Similarly, in Everyone Here Spoke Sign Language (1985), anthropologist Nora Ellen Groce describes her investigation of hereditary deafness on the island of Martha’s Vineyard, Massachusetts. For around 300 years, up until the early 20th Century, the population contained a relatively high number of profoundly Deaf people. Groce notes how almost everyone, hearing and deaf alike, used an efficient sign language, and writes: “The most striking fact about these Deaf men and women is that they were not handicapped, because no one perceived their deafness as a handicap.” 

In this context, well-meaning individuals who look forward to the future eradication of deafness may be guilty of discrimination through inadvertence. For example, writing in the Journal of Deaf Studies and Deaf Education (2006; 11: 102–111), Hyde and Power consider ‘Some ethical dimensions of cochlear implantation for deaf children and their families’, finding that “parents of newly diagnosed deaf children are not provided with access to all the possibilities for their children, including that of a ‘Deaf life’.” Those responsible for implantation programmes, say the authors, should take care to address such issues when discussing the implantation counselling process with Deaf people. I cannot help thinking, however, that if Bobby could have had a cochlear implant that might have improved his hearing he would have jumped at the chance. Back then, Bobby was not part of a deaf (or Deaf) community; he was part of a family who struggled with, but largely ignored, his needs, and I for one feel no small measure of guilt that I could have done more to repay the many small kindnesses he bestowed on me. 

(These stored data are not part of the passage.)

lemma norm_synth_le:
  assumes a: "a \<in> l1_space G" shows "norm (synth a) \<le> l1_norm G a"
proof -
  have "norm (synth a) \<le> (\<Sum>\<^sub>\<infinity>v\<in>G. norm (a v *\<^sub>R v))"
    unfolding synth_def by (rule norm_infsum_bound[OF synth_abs_summable[OF a]])
  also have "\<dots> = l1_norm G a"
    unfolding l1_norm_def by (rule infsum_cong) (simp add: unit)
  finally show ?thesis .
qed

lemma synth_add:
  assumes "a \<in> l1_space G" "b \<in> l1_space G"
  shows "synth (\<lambda>v. a v + b v) = synth a + synth b"
  using infsum_add[OF abs_summable_summable[OF synth_abs_summable[OF assms(1)]]
                      abs_summable_summable[OF synth_abs_summable[OF assms(2)]]]
  by (simp add: synth_def scaleR_add_left)

lemma synth_scale: "synth (\<lambda>v. c * a v) = c *\<^sub>R synth a"
  using infsum_scaleR_right[of c "\<lambda>v. a v *\<^sub>R v" G] by (simp add: synth_def)

text \<open>Coordinates of a synthesised vector: the coordinate functionals commute with
  the infinite sum, and biorthogonality picks out a single term.\<close>

lemma coords_synth:
  assumes a: "a \<in> l1_space G" shows "coords (synth a) = a"
proof
  fix w show "coords (synth a) w = a w"
  proof (cases "w \<in> G")
    case w: True
    have "((\<lambda>v. f w (a v *\<^sub>R v)) has_sum f w (synth a)) G"
      unfolding synth_def
      by (rule has_sum_bounded_linear[OF coordinate_bounded_linear[OF w]])
         (use abs_summable_summable[OF synth_abs_summable[OF a]] in simp)
    then have "f w (synth a) = (\<Sum>\<^sub>\<infinity>v\<in>G. a v * f w v)"
      by (simp add: infsumI linear_scale[OF coordinate_linear[OF w]])
    also have "\<dots> = a w"
      by (subst infsum_single_point[OF w]) (simp_all add: biorthogonal w)
    finally show ?thesis using w by (simp add: coords_def)
  next
    case False
    then show ?thesis using a by (simp add: coords_def l1_space_def)
  qed
qed

text \<open>Conversely synth (coords x) = x: the fixed points of the bounded linear map
  x \<mapsto> synth (coords x) form a closed subspace containing G, hence everything.\<close>

lemma synth_coords: "synth (coords x) = x"
proof -
  let ?R = "\<lambda>x. synth (coords x)"
  have R: "bounded_linear ?R"
  proof (rule bounded_linear_intro[where K=1])
    show "?R (x + y) = ?R x + ?R y" for x y
      unfolding coords_add by (rule synth_add[OF coords_in_l1 coords_in_l1])
    show "?R (r *\<^sub>R x) = r *\<^sub>R ?R x" for r x
      unfolding coords_scale by (rule synth_scale)
    show "norm (?R x) \<le> norm x * 1" for x
      using order_trans[OF norm_synth_le[OF coords_in_l1] l1_norm_coords_le] by simp
  qed
  let ?M = "{x. ?R x = x}"
  have "closed ?M"
    by (rule closed_Collect_eq) (auto intro!: continuous_intros bounded_linear.continuous_on[OF R])
  moreover have "subspace ?M"
    using linear_add[OF bounded_linear.linear[OF R]] linear_scale[OF bounded_linear.linear[OF R]]
      linear_0[OF bounded_linear.linear[OF R]]
    by (auto simp: subspace_def)
  moreover have "G \<subseteq> ?M"
  proof
    fix v assume v: "v \<in> G"
    have "?R v = (\<Sum>\<^sub>\<infinity>w\<in>G. f w v *\<^sub>R w)"
      unfolding synth_def coords_def by (rule infsum_cong) simp
    also have "\<dots> = v"
      by (subst infsum_single_point[OF v]) (simp_all add: biorthogonal v)
    finally show "v \<in> ?M" by simp
  qed
  ultimately have "x \<in> ?M" by (rule total)
  then show ?thesis by simp
qed

theorem isometrically_isomorphic: "isometrically_isomorphic_l1 TYPE('a) G"
  unfolding isometrically_isomorphic_l1_def
proof (intro exI[of _ coords] conjI allI)
  show "coords (x + y) = (\<lambda>i. coords x i + coords y i)" for x y by (rule coords_add)
  show "coords (c *\<^sub>R x) = (\<lambda>i. c * coords x i)" for c x by (rule coords_scale)
  show "bij_betw coords UNIV (l1_space G)"
    by (rule bij_betw_byWitness[where f'=synth])
       (auto simp: synth_coords coords_synth coords_in_l1)
  show "l1_norm G (coords x) = norm x" for x
    using l1_norm_coords_le[of x] norm_synth_le[OF coords_in_l1, of x]
    by (simp add: synth_coords)
qed

end

subsection \<open>The functionals attached to a strong atom\<close>

locale strong_atom_vector =
  fixes u :: "'a::real_normed_vector"
  assumes strong_atom: "strong_atom u"
begin

lemma norm_u: "norm u = 1"
  using strong_atom by (simp add: strong_atom_def)

lemma u_nonzero: "u \<noteq> 0"
  using norm_u by auto

definition atom_proj :: "'a \<Rightarrow> 'a" where
  "atom_proj = (SOME P. isometric_reflection_projection P (span {u}))"

definition coord :: "'a \<Rightarrow> real" where
  "coord x = (SOME c. atom_proj x = c *\<^sub>R u)"

lemma atom_proj: "isometric_reflection_projection atom_proj (span {u})"
  using strong_atom unfolding strong_atom_def isometric_reflection_subspace_def atom_proj_def
  by (metis someI_ex)

lemma atom_proj_idem: "atom_proj (atom_proj x) = atom_proj x"
  using atom_proj by (simp add: isometric_reflection_projection_def)

lemma atom_proj_coord: "atom_proj x = coord x *\<^sub>R u"
proof -
  have "atom_proj x \<in> span {u}"
    using atom_proj by (auto simp: isometric_reflection_projection_def)
  then have "\<exists>c. atom_proj x = c *\<^sub>R u" by (auto simp: span_singleton)
  then show ?thesis unfolding coord_def by (rule someI_ex)
qed

lemma coord_unique: "atom_proj x = c *\<^sub>R u \<Longrightarrow> coord x = c"
  using atom_proj_coord[of x] u_nonzero by (metis scaleR_cancel_right)

lemma abs_coord_le: "\<bar>coord x\<bar> \<le> norm x"
  using isometric_reflection_projection_norm_le[OF atom_proj, of x] atom_proj_coord[of x] norm_u
  by simp

lemma coord_bounded_linear: "bounded_linear coord"
proof (rule bounded_linear_intro[where K=1])
  have l: "linear atom_proj"
    using atom_proj bounded_linear.linear by (auto simp: isometric_reflection_projection_def)
  show "coord (x + y) = coord x + coord y" for x y
    using linear_add[OF l, of x y] by (intro coord_unique) (simp add: atom_proj_coord scaleR_add_left)
  show "coord (r *\<^sub>R x) = r *\<^sub>R coord x" for r x
    using linear_scale[OF l, of r x] by (intro coord_unique) (simp add: atom_proj_coord)
  show "norm (coord x) \<le> norm x * 1" for x
    using abs_coord_le by simp
qed

lemma coord_u: "coord u = 1"
proof -
  have "u \<in> range atom_proj"
    using atom_proj by (simp add: isometric_reflection_projection_def span_base)
  then obtain y where "atom_proj y = u" by (auto simp: eq_commute)
  then have "atom_proj u = u" using atom_proj_idem[of y] by simp
  then show ?thesis by (intro coord_unique) simp
qed

text \<open>The heart of the argument: a rotated copy of u is either a multiple of u or
  invisible to coord, because conjugating atom_proj by the rotation gives an
  isometric reflection projection, which must fix u or kill it.\<close>

lemma rotated_atom_cases:
  assumes S: "rotation S"
  shows "coord (S u) = 0 \<or> S u = coord (S u) *\<^sub>R u"
proof -
  have "isometric_reflection_projection (\<lambda>x. inv S (atom_proj (S x))) (S -` span {u})"
    by (rule isometric_reflection_projection_conj[OF atom_proj S])
  then have "inv S (atom_proj (S u)) = u \<or> inv S (atom_proj (S u)) = 0"
    using strong_atom unfolding strong_atom_def by blast
  then have "atom_proj (S u) = S u \<or> atom_proj (S u) = 0"
    using rotation_inv_right[OF S] linear_0[OF rotation_linear[OF S]] by metis
  then show ?thesis
    using atom_proj_coord[of "S u"] u_nonzero by auto
qed

definition orbit :: "'a set" where
  "orbit = {T u | T. rotation T}"

definition orbit_rotation :: "'a \<Rightarrow> 'a \<Rightarrow> 'a" where
  "orbit_rotation v = (SOME T. rotation T \<and> T u = v)"

lemma orbit_rotation:
  assumes "v \<in> orbit" shows "rotation (orbit_rotation v)" "orbit_rotation v u = v"
proof -
  have "\<exists>T. rotation T \<and> T u = v" using assms by (auto simp: orbit_def)
  then have "rotation (orbit_rotation v) \<and> orbit_rotation v u = v"
    unfolding orbit_rotation_def by (rule someI_ex)
  then show "rotation (orbit_rotation v)" "orbit_rotation v u = v" by auto
qed

lemma orbit_norm: "v \<in> orbit \<Longrightarrow> norm v = 1"
  using norm_u by (auto simp: orbit_def rotation_norm)

lemma orbit_uminus: "v \<in> orbit \<Longrightarrow> - v \<in> orbit"
  unfolding orbit_def using rotation_uminus by fastforce

definition func :: "'a \<Rightarrow> 'a \<Rightarrow> real" where
  "func v x = coord (inv (orbit_rotation v) x)"

lemma func_bounded_linear: "v \<in> orbit \<Longrightarrow> bounded_linear (func v)"
  unfolding func_def
  using bounded_linear_compose[OF coord_bounded_linear
          rotation_bounded_linear[OF rotation_inv[OF orbit_rotation(1)]]]
  by blast

lemma abs_func_le:
  assumes "v \<in> orbit" shows "\<bar>func v x\<bar> \<le> norm x"
  using abs_coord_le[of "inv (orbit_rotation v) x"]
    rotation_norm[OF rotation_inv[OF orbit_rotation(1)[OF assms]]]
  by (simp add: func_def)

lemma func_self:
  assumes "v \<in> orbit" shows "func v v = 1"
  using orbit_rotation[OF assms] coord_u
  by (metis func_def rotation_inv_left)

lemma func_orbit_nonzero:
  assumes v: "v \<in> orbit" and w: "w \<in> orbit" and nz: "func v w \<noteq> 0"
  shows "w = v \<or> w = - v"
proof -
  obtain T where T: "rotation T" "w = T u" using w by (auto simp: orbit_def)
  let ?R = "orbit_rotation v"
  have R: "rotation ?R" "?R u = v" using orbit_rotation[OF v] by auto
  let ?S = "\<lambda>x. inv ?R (T x)"
  have S: "rotation ?S" by (rule rotation_comp[OF rotation_inv[OF R(1)] T(1)])
  have "coord (?S u) = func v w" by (simp add: func_def T)
  then have "?S u = func v w *\<^sub>R u" using rotated_atom_cases[OF S] nz by auto
  then have "?R (?S u) = func v w *\<^sub>R v"
    using R by (simp add: linear_scale[OF rotation_linear[OF R(1)]])
  then have wv: "w = func v w *\<^sub>R v" by (simp add: rotation_inv_right[OF R(1)] T)
  then have "\<bar>func v w\<bar> = 1" using orbit_norm[OF v] orbit_norm[OF w] by (metis norm_scaleR mult.right_neutral)
  then show ?thesis using wv by (cases "func v w \<ge> 0") auto
qed

definition antipodal_rep :: "'a \<Rightarrow> 'a" where
  "antipodal_rep v = (SOME w. w \<in> {v, - v})"

lemma antipodal_rep: "antipodal_rep v = v \<or> antipodal_rep v = - v"
proof -
  have "antipodal_rep v \<in> {v, - v}" unfolding antipodal_rep_def by (rule someI_ex) auto
  then show ?thesis by auto
qed

lemma antipodal_rep_uminus: "antipodal_rep (- v) = antipodal_rep v"
  by (simp add: antipodal_rep_def insert_commute)

definition half :: "'a set" where
  "half = {v \<in> orbit. antipodal_rep v = v}"

lemma half_orbit: "v \<in> half \<Longrightarrow> v \<in> orbit"
  by (simp add: half_def)

lemma half_cover: assumes "v \<in> orbit" shows "v \<in> half \<or> - v \<in> half"
  using antipodal_rep[of v] antipodal_rep_uminus[of v] assms orbit_uminus[OF assms]
  by (auto simp: half_def)

lemma half_antipodal_free: assumes "v \<in> half" "- v \<in> half" shows False
proof -
  have "v = - v"
    using assms antipodal_rep_uminus[of v] by (simp add: half_def)
  then have "v = 0" by (simp add: eq_neg_iff_add_eq_0 flip: scaleR_2)
  then show False using orbit_norm[OF half_orbit[OF assms(1)]] by simp
qed

lemma func_half_nonzero:
  assumes "v \<in> half" "w \<in> orbit" "func v w \<noteq> 0" shows "w = v \<or> w = - v"
  using func_orbit_nonzero[OF half_orbit] assms by blast

lemma func_biorthogonal:
  assumes v: "v \<in> half" and w: "w \<in> half"
  shows "func v w = (if w = v then 1 else 0)"
proof (cases "w = v")
  case True then show ?thesis using func_self[OF half_orbit[OF v]] by simp
next
  case False
  then have "func v w = 0"
    using func_half_nonzero[OF v half_orbit[OF w]] half_antipodal_free v w by auto
  then show ?thesis using False by simp
qed

text \<open>A point of the orbit is seen by at most one functional of the half, and
  only with coefficient of modulus at most one; so signed sums of these
  functionals are bounded by one on the orbit.\<close>

lemma abs_sum_func_orbit_le:
  assumes F: "finite F" "F \<subseteq> half" and w: "w \<in> orbit" and c: "\<And>v. \<bar>c v\<bar> \<le> 1"
  shows "\<bar>\<Sum>v\<in>F. c v * func v w\<bar> \<le> 1"
proof (cases "\<exists>v0\<in>F. func v0 w \<noteq> 0")
  case True
  then obtain v0 where v0: "v0 \<in> F" "func v0 w \<noteq> 0" by blast
  have "func v w = 0" if "v \<in> F - {v0}" for v
  proof (rule ccontr)
    assume "func v w \<noteq> 0"
    moreover have "w = v0 \<or> w = - v0" using func_half_nonzero[OF _ w] v0 F by blast
    ultimately have "w = v \<or> w = - v" "w = v0 \<or> w = - v0"
      using func_half_nonzero[OF _ w] that F by blast+
    then have "v = v0 \<or> v = - v0" by auto
    then show False using that F v0 half_antipodal_free by auto
  qed
  then have "(\<Sum>v\<in>F. c v * func v w) = c v0 * func v0 w"
    by (simp add: sum.remove[OF F(1) v0(1)])
  also have "\<bar>\<dots>\<bar> \<le> 1 * 1"
    unfolding abs_mult using c abs_func_le[of v0 w] orbit_norm[OF w] v0 F
    by (intro mult_mono) (auto dest: half_orbit)
  finally show ?thesis by simp
qed simp

end

subsection \<open>Strong atoms that are big points\<close>

locale strong_atom_big_point = strong_atom_vector u for u :: "'a::banach" +
  assumes big_point: "big_point u"
begin

text \<open>The coordinate sums are bounded by the norm: the functional
  sum over F of sgn(func v x) func v is bounded by one on the orbit, hence
  (the orbit being norming) everywhere by the norm.\<close>

lemma finite_sums_func_le:
  assumes F: "finite F" "F \<subseteq> half" shows "(\<Sum>v\<in>F. \<bar>func v x\<bar>) \<le> norm x"
proof -
  define h where "h y = (\<Sum>v\<in>F. sgn (func v x) * func v y)" for y
  have "bounded_linear h"
    unfolding h_def using F
    by (intro bounded_linear_sum bounded_linear_const_mult func_bounded_linear)
       (auto dest: half_orbit)
  moreover have "\<bar>h (T u)\<bar> \<le> 1" if "rotation T" for T
    unfolding h_def using that
    by (intro abs_sum_func_orbit_le[OF F]) (auto simp: orbit_def abs_sgn_eq)
  ultimately have "\<bar>h x\<bar> \<le> norm x"
    by (rule big_point_functional_bound[OF big_point])
  moreover have "h x = (\<Sum>v\<in>F. \<bar>func v x\<bar>)"
    unfolding h_def by (intro sum.cong) (auto simp: sgn_real_def)
  ultimately show ?thesis by simp
qed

The IDS states that ISL “is the first and/or preferred language of 5,000 Deaf people in Ireland and approximately 40,000 people in general will communicate in ISL (family, friends, co-workers, etc)”. Sometimes I wonder how Bobby – now long gone – might have fared in a society such as today’s where he could have enjoyed a proper education that extended his horizons beyond those bounded by the landscapes of cheap paperback Westerns.